_ABOUT THIS EXERCISE_. Restate word for word the lines in the listing below, starting at the line containing "Bob's challenges B_1..B_m" and ending at the line containing "then x else", both included; leave out the rest.

_RECORDS TO USE_.

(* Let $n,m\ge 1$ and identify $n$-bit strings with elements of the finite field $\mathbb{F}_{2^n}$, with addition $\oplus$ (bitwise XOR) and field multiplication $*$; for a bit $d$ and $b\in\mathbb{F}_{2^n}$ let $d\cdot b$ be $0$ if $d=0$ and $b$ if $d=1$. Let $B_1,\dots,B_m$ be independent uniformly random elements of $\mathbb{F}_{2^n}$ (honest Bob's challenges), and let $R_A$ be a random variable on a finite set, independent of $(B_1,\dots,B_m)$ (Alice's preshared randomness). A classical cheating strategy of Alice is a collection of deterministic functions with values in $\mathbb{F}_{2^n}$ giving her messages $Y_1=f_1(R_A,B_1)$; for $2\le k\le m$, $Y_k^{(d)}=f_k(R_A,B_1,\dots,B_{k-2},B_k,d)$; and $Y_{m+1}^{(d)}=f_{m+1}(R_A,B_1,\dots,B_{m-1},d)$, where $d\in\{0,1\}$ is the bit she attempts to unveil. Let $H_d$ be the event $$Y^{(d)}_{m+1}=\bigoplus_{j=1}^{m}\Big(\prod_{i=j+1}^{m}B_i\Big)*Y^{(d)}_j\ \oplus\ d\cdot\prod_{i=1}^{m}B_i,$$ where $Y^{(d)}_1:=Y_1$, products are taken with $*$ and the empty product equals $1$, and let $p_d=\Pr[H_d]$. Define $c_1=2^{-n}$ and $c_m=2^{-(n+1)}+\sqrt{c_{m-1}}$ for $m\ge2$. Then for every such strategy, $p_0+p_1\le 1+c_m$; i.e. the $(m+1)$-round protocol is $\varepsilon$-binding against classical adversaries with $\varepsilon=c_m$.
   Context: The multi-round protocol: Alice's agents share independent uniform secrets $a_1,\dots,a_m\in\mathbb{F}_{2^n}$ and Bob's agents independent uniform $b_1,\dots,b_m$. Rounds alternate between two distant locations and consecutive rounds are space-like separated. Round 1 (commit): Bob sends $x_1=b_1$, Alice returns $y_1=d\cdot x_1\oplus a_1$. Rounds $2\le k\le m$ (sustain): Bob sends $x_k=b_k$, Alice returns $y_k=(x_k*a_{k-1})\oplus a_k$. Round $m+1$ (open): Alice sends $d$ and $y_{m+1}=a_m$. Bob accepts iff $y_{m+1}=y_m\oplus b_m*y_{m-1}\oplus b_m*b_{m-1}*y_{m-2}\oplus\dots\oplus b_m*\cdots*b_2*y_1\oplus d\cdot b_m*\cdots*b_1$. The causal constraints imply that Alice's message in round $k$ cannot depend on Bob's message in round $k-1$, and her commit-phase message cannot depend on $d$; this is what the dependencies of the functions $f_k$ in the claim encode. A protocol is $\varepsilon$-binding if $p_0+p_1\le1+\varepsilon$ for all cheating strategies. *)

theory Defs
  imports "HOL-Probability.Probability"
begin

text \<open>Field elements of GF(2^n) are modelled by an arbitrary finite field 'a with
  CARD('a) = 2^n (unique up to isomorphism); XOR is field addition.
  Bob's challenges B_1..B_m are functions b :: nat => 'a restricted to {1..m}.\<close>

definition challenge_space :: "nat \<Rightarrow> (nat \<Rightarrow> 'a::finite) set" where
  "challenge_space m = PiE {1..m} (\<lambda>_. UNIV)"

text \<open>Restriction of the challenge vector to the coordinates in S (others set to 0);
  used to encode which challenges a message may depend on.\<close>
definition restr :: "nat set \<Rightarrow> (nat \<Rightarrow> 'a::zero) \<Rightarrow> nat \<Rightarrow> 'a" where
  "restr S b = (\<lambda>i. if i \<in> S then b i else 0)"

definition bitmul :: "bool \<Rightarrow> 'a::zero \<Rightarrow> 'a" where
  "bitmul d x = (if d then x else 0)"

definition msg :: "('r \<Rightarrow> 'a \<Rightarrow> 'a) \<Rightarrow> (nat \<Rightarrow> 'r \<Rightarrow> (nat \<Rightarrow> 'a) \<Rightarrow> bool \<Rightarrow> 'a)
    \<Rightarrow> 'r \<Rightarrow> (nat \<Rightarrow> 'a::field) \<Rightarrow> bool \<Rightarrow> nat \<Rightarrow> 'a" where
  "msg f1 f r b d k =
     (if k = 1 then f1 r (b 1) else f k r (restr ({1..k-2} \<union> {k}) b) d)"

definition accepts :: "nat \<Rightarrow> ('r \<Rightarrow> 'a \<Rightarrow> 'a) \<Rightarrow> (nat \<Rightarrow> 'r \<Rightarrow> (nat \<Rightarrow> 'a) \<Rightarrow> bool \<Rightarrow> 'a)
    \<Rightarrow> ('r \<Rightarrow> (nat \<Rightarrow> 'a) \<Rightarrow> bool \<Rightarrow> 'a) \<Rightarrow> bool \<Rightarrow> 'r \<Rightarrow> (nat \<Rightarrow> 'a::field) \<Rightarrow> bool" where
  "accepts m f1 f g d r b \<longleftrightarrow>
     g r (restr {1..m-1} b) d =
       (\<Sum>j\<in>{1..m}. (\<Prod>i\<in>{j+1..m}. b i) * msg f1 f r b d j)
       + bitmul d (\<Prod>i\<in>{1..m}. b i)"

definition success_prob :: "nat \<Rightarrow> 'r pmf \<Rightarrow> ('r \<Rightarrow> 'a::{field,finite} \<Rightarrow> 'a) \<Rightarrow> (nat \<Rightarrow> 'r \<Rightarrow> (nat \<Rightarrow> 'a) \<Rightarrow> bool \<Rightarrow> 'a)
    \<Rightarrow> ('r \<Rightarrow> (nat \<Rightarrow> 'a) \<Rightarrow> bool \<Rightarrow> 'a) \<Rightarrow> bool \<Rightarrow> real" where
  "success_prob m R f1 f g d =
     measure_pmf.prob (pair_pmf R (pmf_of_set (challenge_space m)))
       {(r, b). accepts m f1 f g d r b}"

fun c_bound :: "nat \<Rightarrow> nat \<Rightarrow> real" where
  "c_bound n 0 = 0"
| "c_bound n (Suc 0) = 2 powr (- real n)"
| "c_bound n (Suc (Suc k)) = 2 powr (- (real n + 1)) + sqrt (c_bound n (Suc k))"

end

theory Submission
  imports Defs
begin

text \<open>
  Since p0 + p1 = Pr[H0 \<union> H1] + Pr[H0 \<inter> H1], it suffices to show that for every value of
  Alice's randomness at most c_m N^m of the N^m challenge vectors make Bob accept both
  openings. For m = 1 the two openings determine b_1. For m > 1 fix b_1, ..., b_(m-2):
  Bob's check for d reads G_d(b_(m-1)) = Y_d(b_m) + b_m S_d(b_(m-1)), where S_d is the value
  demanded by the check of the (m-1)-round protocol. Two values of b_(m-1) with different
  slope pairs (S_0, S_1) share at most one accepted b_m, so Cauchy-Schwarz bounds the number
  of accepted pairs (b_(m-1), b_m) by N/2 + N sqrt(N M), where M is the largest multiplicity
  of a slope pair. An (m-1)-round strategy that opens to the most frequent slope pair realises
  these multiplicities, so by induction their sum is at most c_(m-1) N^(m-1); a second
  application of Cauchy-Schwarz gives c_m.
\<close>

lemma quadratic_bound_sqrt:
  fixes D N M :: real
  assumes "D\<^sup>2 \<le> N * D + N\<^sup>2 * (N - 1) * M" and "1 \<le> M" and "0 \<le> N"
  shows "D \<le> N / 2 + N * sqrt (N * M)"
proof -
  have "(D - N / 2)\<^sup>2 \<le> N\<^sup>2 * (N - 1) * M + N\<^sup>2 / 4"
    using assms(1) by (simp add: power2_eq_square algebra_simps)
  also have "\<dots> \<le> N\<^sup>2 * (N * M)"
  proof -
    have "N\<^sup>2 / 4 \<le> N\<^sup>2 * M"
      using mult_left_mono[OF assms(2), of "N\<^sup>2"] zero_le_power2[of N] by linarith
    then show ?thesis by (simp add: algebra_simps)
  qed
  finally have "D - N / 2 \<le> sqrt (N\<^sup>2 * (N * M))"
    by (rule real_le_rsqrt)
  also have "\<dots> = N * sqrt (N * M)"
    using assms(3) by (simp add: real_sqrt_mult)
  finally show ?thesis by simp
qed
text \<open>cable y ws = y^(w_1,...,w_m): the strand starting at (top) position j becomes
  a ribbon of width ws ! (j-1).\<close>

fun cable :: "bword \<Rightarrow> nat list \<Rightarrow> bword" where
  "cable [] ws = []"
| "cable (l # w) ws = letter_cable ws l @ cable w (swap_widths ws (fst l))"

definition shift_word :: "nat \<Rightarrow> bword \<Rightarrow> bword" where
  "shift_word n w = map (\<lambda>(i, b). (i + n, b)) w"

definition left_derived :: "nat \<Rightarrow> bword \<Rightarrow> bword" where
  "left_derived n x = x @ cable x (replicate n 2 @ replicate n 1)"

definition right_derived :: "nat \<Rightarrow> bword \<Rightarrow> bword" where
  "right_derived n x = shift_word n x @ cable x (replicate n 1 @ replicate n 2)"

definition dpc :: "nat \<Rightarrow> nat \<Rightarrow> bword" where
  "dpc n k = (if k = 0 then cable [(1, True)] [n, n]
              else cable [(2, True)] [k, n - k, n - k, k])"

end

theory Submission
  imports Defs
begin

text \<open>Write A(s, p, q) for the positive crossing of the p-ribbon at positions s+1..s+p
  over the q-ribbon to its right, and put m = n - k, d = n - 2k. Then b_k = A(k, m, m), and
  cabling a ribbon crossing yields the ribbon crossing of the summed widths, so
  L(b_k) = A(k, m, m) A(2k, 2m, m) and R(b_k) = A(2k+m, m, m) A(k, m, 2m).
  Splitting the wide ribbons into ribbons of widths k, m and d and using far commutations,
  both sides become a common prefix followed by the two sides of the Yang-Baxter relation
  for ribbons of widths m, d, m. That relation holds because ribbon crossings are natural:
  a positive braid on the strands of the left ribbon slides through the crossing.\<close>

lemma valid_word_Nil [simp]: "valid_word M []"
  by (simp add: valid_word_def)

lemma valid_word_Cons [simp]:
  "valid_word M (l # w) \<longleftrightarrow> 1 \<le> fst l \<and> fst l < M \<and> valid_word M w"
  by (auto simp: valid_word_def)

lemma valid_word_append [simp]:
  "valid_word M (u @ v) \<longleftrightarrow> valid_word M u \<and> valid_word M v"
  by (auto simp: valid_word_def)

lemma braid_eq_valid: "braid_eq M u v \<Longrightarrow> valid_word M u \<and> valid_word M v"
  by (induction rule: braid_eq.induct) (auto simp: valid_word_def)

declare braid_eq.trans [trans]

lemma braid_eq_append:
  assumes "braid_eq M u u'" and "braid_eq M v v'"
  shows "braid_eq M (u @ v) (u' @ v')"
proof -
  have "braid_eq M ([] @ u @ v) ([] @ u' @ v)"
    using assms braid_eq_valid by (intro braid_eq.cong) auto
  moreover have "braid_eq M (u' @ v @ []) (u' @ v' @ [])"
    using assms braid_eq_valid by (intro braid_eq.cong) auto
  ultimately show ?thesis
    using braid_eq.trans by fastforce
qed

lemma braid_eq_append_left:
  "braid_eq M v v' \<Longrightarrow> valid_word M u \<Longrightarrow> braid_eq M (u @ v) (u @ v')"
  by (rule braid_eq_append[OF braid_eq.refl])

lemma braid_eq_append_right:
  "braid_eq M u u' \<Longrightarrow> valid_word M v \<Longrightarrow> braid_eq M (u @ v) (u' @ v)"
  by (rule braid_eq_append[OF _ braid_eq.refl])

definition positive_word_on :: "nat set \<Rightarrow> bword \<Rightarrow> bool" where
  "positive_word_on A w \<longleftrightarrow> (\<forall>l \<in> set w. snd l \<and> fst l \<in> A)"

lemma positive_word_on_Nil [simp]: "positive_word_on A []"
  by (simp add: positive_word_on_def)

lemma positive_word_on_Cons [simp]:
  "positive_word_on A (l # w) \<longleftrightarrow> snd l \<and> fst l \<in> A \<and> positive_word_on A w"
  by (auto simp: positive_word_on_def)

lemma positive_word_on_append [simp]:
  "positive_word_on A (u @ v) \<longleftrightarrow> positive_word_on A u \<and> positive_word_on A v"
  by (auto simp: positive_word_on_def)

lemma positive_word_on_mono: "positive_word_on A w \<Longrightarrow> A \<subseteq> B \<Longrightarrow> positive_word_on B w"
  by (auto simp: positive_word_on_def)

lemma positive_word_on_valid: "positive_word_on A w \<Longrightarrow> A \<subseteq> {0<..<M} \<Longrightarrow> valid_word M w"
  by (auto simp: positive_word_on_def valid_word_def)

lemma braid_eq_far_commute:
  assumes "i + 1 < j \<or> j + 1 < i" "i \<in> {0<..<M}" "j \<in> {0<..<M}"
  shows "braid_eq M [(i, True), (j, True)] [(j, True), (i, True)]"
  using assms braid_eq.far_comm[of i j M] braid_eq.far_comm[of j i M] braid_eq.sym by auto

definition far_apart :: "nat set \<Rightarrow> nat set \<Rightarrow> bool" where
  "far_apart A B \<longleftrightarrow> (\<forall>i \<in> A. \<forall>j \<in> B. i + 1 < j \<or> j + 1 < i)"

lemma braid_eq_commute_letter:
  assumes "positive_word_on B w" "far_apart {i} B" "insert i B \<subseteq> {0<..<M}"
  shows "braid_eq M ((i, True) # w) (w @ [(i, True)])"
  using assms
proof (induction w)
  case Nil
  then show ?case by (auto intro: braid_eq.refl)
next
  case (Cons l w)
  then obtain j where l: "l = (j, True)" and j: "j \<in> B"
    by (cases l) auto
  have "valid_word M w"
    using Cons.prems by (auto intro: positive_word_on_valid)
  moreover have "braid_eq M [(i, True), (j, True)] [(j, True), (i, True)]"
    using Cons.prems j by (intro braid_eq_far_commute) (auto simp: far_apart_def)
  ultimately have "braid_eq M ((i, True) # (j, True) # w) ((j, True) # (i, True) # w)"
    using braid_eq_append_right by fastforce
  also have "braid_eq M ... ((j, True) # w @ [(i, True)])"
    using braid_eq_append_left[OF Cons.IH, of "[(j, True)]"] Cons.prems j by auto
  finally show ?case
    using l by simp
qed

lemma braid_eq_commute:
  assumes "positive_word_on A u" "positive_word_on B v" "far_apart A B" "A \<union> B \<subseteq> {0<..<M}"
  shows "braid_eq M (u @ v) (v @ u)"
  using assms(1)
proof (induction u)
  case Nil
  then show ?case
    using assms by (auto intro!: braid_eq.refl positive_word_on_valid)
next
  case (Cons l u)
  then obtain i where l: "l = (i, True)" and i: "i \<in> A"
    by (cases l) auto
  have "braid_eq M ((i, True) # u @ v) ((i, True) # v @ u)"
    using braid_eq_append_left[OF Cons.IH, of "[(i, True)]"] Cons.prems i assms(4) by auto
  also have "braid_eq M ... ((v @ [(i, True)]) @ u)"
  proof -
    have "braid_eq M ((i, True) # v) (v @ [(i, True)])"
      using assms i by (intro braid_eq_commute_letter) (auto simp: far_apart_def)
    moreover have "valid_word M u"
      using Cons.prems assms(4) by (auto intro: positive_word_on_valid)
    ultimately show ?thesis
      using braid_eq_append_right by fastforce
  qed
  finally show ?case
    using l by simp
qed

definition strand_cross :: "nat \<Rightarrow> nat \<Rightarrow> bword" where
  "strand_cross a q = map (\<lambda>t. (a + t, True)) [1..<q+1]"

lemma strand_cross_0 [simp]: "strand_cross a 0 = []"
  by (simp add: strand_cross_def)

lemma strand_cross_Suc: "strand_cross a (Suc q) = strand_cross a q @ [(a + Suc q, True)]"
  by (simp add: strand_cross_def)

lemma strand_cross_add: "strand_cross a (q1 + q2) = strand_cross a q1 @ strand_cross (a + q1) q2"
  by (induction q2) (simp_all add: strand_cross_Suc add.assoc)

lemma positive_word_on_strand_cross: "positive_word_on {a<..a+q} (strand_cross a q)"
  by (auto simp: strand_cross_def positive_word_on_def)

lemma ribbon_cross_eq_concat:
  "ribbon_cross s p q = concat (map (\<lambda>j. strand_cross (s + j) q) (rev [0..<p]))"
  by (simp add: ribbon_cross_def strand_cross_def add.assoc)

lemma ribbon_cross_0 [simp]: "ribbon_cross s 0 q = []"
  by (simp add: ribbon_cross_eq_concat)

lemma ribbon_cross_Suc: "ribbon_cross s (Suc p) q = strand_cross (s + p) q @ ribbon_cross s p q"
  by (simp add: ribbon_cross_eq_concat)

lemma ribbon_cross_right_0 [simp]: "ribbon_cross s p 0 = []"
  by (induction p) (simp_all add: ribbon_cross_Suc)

_RESPONSE TO THE EXERCISE_.
  Bob's challenges B_1..B_m are functions b :: nat => 'a restricted to {1..m}.\<close>

definition challenge_space :: "nat \<Rightarrow> (nat \<Rightarrow> 'a::finite) set" where
  "challenge_space m = PiE {1..m} (\<lambda>_. UNIV)"

text \<open>Restriction of the challenge vector to the coordinates in S (others set to 0);
  used to encode which challenges a message may depend on.\<close>
definition restr :: "nat set \<Rightarrow> (nat \<Rightarrow> 'a::zero) \<Rightarrow> nat \<Rightarrow> 'a" where
  "restr S b = (\<lambda>i. if i \<in> S then b i else 0)"

definition bitmul :: "bool \<Rightarrow> 'a::zero \<Rightarrow> 'a" where
  "bitmul d x = (if d then x else 0)"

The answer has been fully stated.